On my final morning, the thoughtful folk at Sugar Ridge booked me in for a massage in their health centre. They may have noticed I had not visited the gym and wanted to check me out. I get bored doing nothing, but this was an hour of being skilfully pressed and pulled as my therapist searched in vain for some stress. She told me I was in great shape and knocked about two decades from my age, for which I am eternally grateful. She was very good at her job but a stress-busting massage in Antigua is about as necessary as an ashtray on a Harley.
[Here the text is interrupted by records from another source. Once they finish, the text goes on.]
(* Let $h=\prod_{i=1}^N h_i$ with $h_i\in\bar K[z]$ nonzero, let $h_i=q_i^2+\rho_i$ be part-square decompositions, and set $q=\prod_{i=1}^N q_i$ and $\rho=h-q^2$. Put $t_i=t_{q_i,\rho_i}$ and $t=t_{q,\rho}=v(\rho)-v(h)$, and assume $t_i\ge0$ for all $i$. Then $t\ge\min\{t_1,\dots,t_N\}$. Moreover: (a) if the minimum $\min\{t_1,\dots,t_N\}$ is attained by a unique index $i_0$, then $t=\min\{t_1,\dots,t_N\}$, and the decomposition $h=q^2+\rho$ is good if and only if the decomposition $h_{i_0}=q_{i_0}^2+\rho_{i_0}$ is good; (b) if $N=2$, every root $s_1\in\bar K$ of $h_1$ satisfies $v(s_1)>0$, every root $s_2\in\bar K$ of $h_2$ satisfies $v(s_2)<0$, both decompositions $h_i=q_i^2+\rho_i$ are good, and $\min\{t_1,t_2\}<2v(2)$, then $t=\min\{t_1,t_2\}$ and the decomposition $h=q^2+\rho$ is good.
   Context: $K$ is a field of characteristic $0$, complete with respect to a discrete valuation $v$ (values in $\mathbb{Q}\cup\{+\infty\}$), with algebraically closed residue field $k$ of characteristic $2$; $v$ extends to a fixed algebraic closure $\bar K$. For nonzero $h(z)=\sum_iH_iz^i\in\bar K[z]$, $v(h)=\min_iv(H_i)$ (Gauss valuation). A part-square decomposition of $h$ is $h=q^2+\rho$ with $q,\rho\in\bar K[z]$, $\deg q\le\lceil\deg h/2\rceil$; $t_{q,\rho}=v(\rho)-v(h)$. A decomposition $h=q^2+\rho$ is good if either $t_{q,\rho}\ge2v(2)$, or $t_{q,\rho}<2v(2)$ and there is no part-square decomposition $h=\tilde q^2+\tilde\rho$ with $t_{\tilde q,\tilde\rho}>t_{q,\rho}$. *)

theory Defs
  imports "HOL-Computational_Algebra.Polynomial" "HOL-Library.Extended_Real"
begin
lemma obs_op_linear:
  "obs_op f ps (\<lambda>y. \<Sum>i\<in>I. c i * h i y) x = (\<Sum>i\<in>I. c i * obs_op f ps (h i) x)"
proof (induction ps arbitrary: x)
  case (Cons q ps)
  then show ?case by (simp add: poly_op_linear[symmetric] sum_distrib_left ac_simps)
qed simp

lemma obs_op_expand_monom:
  assumes "coeff q 0 = 0"
  shows "obs_op f (q # qs) h = (\<lambda>x. \<Sum>t\<in>{1..degree q}. coeff q t * obs_op f (monom 1 t # qs) h x)"
proof
  fix x
  have monom: "obs_op f (monom 1 t # qs) h x = (trans_op \<gamma> n ^^ t) (\<lambda>y. of_bool (f y) * obs_op f qs h y) x" for t
    by (simp only: obs_op.simps poly_op_monom)
  have "{..degree q} = insert 0 {1..degree q}" by auto
  then show "obs_op f (q # qs) h x = (\<Sum>t\<in>{1..degree q}. coeff q t * obs_op f (monom 1 t # qs) h x)"
    unfolding monom obs_op.simps(2)[of f q] poly_op_def using assms by simp
qed

lemma label_moment_eq_if_same_label_distr:
  assumes same: "same_label_distr \<gamma> n f1 f2" and n: "n \<ge> 1" and qs: "\<forall>q\<in>set qs. coeff q 0 = 0"
  shows "label_moment f1 qs = label_moment f2 qs"
proof -
  have "label_moment f1 (map (monom 1) ts @ qs) = label_moment f2 (map (monom 1) ts @ qs)"
    if "\<forall>t\<in>set ts. t \<ge> 1" for ts
    using qs that
  proof (induction qs arbitrary: ts)
    case Nil
    then show ?case using same n by (simp add: label_moment_gap_pattern same_label_distr_imp_pattern_prob_eq)
  next
    case (Cons q qs)
    have expand: "label_moment f (map (monom 1) ts @ q # qs)
        = (\<Sum>t\<in>{1..degree q}. coeff q t * label_moment f (map (monom 1) (ts @ [t]) @ qs))" for f
    proof -
      have "label_moment f (map (monom 1) ts @ q # qs) = (\<Sum>x\<in>{0..<int n}. of_bool (f x) *
          (\<Sum>t\<in>{1..degree q}. coeff q t * obs_op f (map (monom 1) ts) (obs_op f (monom 1 t # qs) (\<lambda>_. 1)) x))"
        using Cons.prems(1)
        by (simp only: label_moment_def obs_op_append obs_op_expand_monom obs_op_linear list.set_intros)
      also have "\<dots> = (\<Sum>t\<in>{1..degree q}. \<Sum>x\<in>{0..<int n}. coeff q t *
          (of_bool (f x) * obs_op f (map (monom 1) ts) (obs_op f (monom 1 t # qs) (\<lambda>_. 1)) x))"
        by (simp only: sum_distrib_left mult.left_commute) (rule sum.swap)
      also have "\<dots> = (\<Sum>t\<in>{1..degree q}. coeff q t * label_moment f (map (monom 1) (ts @ [t]) @ qs))"
        by (simp only: label_moment_def obs_op_append sum_distrib_left map_append list.map
            append_assoc append_Cons append_Nil)
      finally show ?thesis .
    qed
    have "label_moment f1 (map (monom 1) (ts @ [t]) @ qs) = label_moment f2 (map (monom 1) (ts @ [t]) @ qs)"
      if "t \<in> {1..degree q}" for t
      using Cons.IH[of "ts @ [t]"] Cons.prems that by auto
    then show ?case unfolding expand by (intro sum.cong refl) simp
  qed
  from this[of "[]"] show ?thesis by simp
qed
end
theorem corollary2p1:
  fixes h :: "'a::banach \<times> ('a \<Rightarrow>\<^sub>L real) \<Rightarrow> ereal"
  assumes "reflexive_space TYPE('a)"
    and "h \<in> fitz_all"
    and "\<forall>z. (fconj h \<circ> iswap) z \<le> h z"
    and "edom h = edom (fconj h \<circ> iswap)"
  shows "fconj (Ainf h) \<circ> iswap = Ainf h"
proof (rule fconj_Ainf_eq_Ainf)
  have dom_eq: "h z < \<infinity> \<longleftrightarrow> fconj h (iswap z) < \<infinity>" for z
    using assms(4) unfolding edom_def by (metis (no_types) mem_Collect_eq o_apply)
  obtain w where "h w < \<infinity>"
  proof (cases "\<exists>w. h w < \<infinity>")
    case False
    then have h_inf: "h w = \<infinity>" for w
      by (cases w) (simp add: not_less)
    then have "fconj h (iswap z) \<le> -\<infinity>" for z
      by (intro fconj_iswap_least) simp
    then show ?thesis
      using dom_eq h_inf by (metis MInfty_neq_PInfty(1) ereal_infty_less(1) ereal_infty_less_eq(2))
  qed blast
  then show "conj_dominated h"
    using assms(3) fconj_iswap_gt_MInf[of h w] unfolding conj_dominated_def by simp
  show "fconj h (iswap z) < \<infinity> \<Longrightarrow> h z < \<infinity>" for z
    using dom_eq by blast
qed

end
lemma branch_cons_cut_out:
  assumes "Suc j \<le> K" "well_separated K s j (hg_vertices M j)"
    and "u \<in> hg_vertices M j" "y \<in> tree_nodes (hg_vertices M j) d"
    and "cuts_out s (Suc j) (tree_nodes (hg_vertices M j) d) p (node_pos s (Suc j) y) 0 (Suc j)"
  shows "cuts_out s (Suc j) (tree_nodes (hg_vertices M j) (Suc d)) (insert leaf (node_cons u ` p))
    (node_pos s (Suc j) (node_cons u y)) 0 (Suc j)"
  unfolding cuts_out_def
proof (intro allI impI ballI)
  let ?V = "hg_vertices M j"
  let ?\<theta> = "node_pos s (Suc j) (node_cons u y)"
  fix \<rho> x
  assume \<rho>: "in_band (Suc j) 0 \<rho>" and x: "x \<in> tree_nodes ?V (Suc d)"
  show "0 \<le> node_weight (Suc j) x \<and> selected s (Suc j) \<rho> ?\<theta> x \<longleftrightarrow> x \<in> insert leaf (node_cons u ` p)"
  proof (cases "x = leaf")
    case True
    have "node_cons u y \<in> tree_nodes ?V (Suc d)"
      using assms(3,4) by auto
    from leaf_selected_by_tree_node[OF assms(1) this node_cons_neq_leaf(1) \<rho>] True show ?thesis
      by simp
  next
    case False
    then obtain u' x' where x': "u' \<in> ?V" "x' \<in> tree_nodes ?V d" "x = node_cons u' x'"
      using x by (auto elim: tree_nodes_SucE)
    show ?thesis
    proof (cases "u' = u")
      case True
      have "in_band (Suc j) 0 (\<lambda>n. \<rho> (Suc (node_weight j u) + n))"
        using \<rho> by (simp add: in_band_def)
      then show ?thesis
        using assms(5) x' True selected_cons_same[OF assms(3) x'(2)] unfolding cuts_out_def by auto
    next
      case False
      have "\<not> selected s (Suc j) \<rho> ?\<theta> x"
        using off_branch_not_selected[OF assms(1,2) x'(1) assms(3) False assms(4) x'(2) \<rho>] x'(3) by simp
      moreover have "x \<notin> insert leaf (node_cons u ` p)"
        using x'(3) False by auto
      ultimately show ?thesis
        by simp
    qed
  qed
qed

lemma branch_cut_out:
  assumes "Suc j \<le> K" "well_separated K s j (hg_vertices M j)"
  shows "p \<in> branches (hg_vertices M j) d \<Longrightarrow> \<exists>y\<in>tree_nodes (hg_vertices M j) d.
    cuts_out s (Suc j) (tree_nodes (hg_vertices M j) d) p (node_pos s (Suc j) y) 0 (Suc j)"
proof (induction d arbitrary: p)
  case 0
  have "cuts_out s (Suc j) {leaf} {leaf} 0 0 (Suc j)"
    using in_band_bounds[of "Suc j" 0 _ 0] by (auto simp: cuts_out_def selected_def)
  with 0 show ?case
    by auto
next
  case (Suc d)
  let ?V = "hg_vertices M j"
  obtain u p' where p: "u \<in> ?V" "p' \<in> branches ?V d" "p = insert leaf (node_cons u ` p')"
    using Suc.prems by auto
  obtain y where "y \<in> tree_nodes ?V d"
    and "cuts_out s (Suc j) (tree_nodes ?V d) p' (node_pos s (Suc j) y) 0 (Suc j)"
    using Suc.IH[OF p(2)] by blast
  with p show ?case
    using branch_cons_cut_out[OF assms p(1)] by (intro bexI[of _ "node_cons u y"]) auto
qed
I will be back and will go to see her on day one instead! Now where is that rum punch recipe..?

Getting there

Virgin Atlantic flies four times weekly to Antigua from London Gatwick and is offering return Economy fares from £479 (€558) per person, including tax. This fare is available for departures on various dates in 2016 and 2017. For further information visit  John’s flight was at 9am, so he stayed in London the night before in the very comfortable Z Hotel in Victoria (

Sugar Ridge, where John stayed, was about half an hour’s drive from the airport and 10 minutes for St John’s. He stayed in a Deluxe King room with a splash Pool. Rates are from £191 nightly, including breakfast plus 22.5pc ABST and service charge ( The tourist website for Antigua and Barbuda is

It packs a punch

Old-Fashioned Antiguan Rum Punch begins with 1oz of fresh squeezed lime juice, add 2 oz of Cavalier or English Harbour rum, 1 oz of simple syrup, five dashes of Angostura bitters, a shake of grated nutmeg. Combine the lot into a glass of ice, stir, garnish with lime and another shake of nutmeg and enjoy! It goes well with a lazy swim in that perfect Caribbean water.

An island welcome

The 80,000 people living on Antigua are very reliant on tourism and they are good at it. Christopher Columbus was the first tourist in 1493 and he named the island. From the 1600s it was seen as Britain’s gateway to the Caribbean, and relied on sugar plantations and slavery. They left the Commonwealth in 1981 and are now fully independent. The island has a friendly Caribbean feel with a touch of England and America.

It's just not cricket

The locals are immune to the sound but for the tourist the evenings are accompanied by the sound of crickets. Sitting in the balmy evenings they are the permanent soundtrack. Often restaurants are without windows birds are always on the lookout for a nibble, and some are cheeky enough to land on your table. Sadly for the birds, what was left on my plate wouldn’t feed a sparrow.